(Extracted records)
>>>>

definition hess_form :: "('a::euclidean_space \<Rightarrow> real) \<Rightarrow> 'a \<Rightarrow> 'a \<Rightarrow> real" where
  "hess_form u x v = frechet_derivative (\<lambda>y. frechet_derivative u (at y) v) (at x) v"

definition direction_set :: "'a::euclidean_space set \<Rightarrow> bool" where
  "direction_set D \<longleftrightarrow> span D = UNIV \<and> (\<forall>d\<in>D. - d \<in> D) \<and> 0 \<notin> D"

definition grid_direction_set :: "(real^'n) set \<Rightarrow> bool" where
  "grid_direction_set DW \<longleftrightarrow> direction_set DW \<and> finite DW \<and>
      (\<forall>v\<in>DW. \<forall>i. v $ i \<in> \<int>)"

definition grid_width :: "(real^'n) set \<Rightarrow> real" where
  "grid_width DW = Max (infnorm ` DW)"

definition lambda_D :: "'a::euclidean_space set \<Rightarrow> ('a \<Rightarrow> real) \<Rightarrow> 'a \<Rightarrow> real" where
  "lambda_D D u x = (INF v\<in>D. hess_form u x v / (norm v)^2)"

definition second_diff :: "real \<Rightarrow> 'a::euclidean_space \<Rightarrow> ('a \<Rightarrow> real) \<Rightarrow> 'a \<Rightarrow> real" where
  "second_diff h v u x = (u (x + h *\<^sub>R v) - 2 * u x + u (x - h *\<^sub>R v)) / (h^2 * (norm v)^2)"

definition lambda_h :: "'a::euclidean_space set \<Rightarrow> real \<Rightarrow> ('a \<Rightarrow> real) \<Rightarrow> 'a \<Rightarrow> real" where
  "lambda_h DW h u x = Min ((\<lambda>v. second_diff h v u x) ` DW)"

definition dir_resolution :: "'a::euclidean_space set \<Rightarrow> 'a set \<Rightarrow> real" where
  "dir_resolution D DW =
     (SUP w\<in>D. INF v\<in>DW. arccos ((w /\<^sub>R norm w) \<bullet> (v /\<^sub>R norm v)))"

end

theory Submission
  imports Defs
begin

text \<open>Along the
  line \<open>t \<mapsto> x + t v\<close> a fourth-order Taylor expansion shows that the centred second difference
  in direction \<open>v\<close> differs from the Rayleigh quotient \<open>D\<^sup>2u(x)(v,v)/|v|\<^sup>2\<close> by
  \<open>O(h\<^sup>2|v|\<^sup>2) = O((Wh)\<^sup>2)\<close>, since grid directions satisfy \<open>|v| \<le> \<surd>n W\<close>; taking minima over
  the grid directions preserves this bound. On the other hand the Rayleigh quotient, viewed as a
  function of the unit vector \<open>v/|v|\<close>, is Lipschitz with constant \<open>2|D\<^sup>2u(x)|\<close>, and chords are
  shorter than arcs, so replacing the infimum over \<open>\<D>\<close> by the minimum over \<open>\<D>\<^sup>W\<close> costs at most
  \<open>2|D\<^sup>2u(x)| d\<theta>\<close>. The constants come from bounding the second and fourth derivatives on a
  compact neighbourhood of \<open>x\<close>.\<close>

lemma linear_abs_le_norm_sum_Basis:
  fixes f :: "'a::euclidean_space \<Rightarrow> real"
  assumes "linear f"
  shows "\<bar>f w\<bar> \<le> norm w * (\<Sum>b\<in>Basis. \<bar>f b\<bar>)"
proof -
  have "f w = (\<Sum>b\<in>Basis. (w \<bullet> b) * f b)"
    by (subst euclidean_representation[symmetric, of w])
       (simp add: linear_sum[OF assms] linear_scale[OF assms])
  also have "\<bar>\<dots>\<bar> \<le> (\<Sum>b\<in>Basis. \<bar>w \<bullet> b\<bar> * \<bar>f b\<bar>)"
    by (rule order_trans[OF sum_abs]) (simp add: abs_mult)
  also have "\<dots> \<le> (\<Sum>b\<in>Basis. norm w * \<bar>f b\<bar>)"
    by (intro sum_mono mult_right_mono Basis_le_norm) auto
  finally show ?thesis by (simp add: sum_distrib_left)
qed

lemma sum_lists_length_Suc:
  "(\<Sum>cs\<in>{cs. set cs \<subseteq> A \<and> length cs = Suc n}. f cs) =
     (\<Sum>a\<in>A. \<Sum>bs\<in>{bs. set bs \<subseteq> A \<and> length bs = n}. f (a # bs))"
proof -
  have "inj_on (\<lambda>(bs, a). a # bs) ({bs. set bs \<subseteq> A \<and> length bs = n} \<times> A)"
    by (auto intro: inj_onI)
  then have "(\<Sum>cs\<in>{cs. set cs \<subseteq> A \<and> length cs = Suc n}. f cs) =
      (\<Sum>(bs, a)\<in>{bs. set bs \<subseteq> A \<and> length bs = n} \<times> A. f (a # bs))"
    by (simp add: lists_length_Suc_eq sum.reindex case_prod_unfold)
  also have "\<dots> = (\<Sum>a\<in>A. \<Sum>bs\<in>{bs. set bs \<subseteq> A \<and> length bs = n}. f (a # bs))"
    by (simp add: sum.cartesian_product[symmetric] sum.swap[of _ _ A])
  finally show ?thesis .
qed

<<<<

TASK STATEMENT: Return every line above where "real" appears.

PROBLEM SOLUTION:
definition hess_form :: "('a::euclidean_space \<Rightarrow> real) \<Rightarrow> 'a \<Rightarrow> 'a \<Rightarrow> real" where
definition grid_direction_set :: "(real^'n) set \<Rightarrow> bool" where
definition grid_width :: "(real^'n) set \<Rightarrow> real" where
definition lambda_D :: "'a::euclidean_space set \<Rightarrow> ('a \<Rightarrow> real) \<Rightarrow> 'a \<Rightarrow> real" where
definition second_diff :: "real \<Rightarrow> 'a::euclidean_space \<Rightarrow> ('a \<Rightarrow> real) \<Rightarrow> 'a \<Rightarrow> real" where
definition lambda_h :: "'a::euclidean_space set \<Rightarrow> real \<Rightarrow> ('a \<Rightarrow> real) \<Rightarrow> 'a \<Rightarrow> real" where
definition dir_resolution :: "'a::euclidean_space set \<Rightarrow> 'a set \<Rightarrow> real" where
  fixes f :: "'a::euclidean_space \<Rightarrow> real"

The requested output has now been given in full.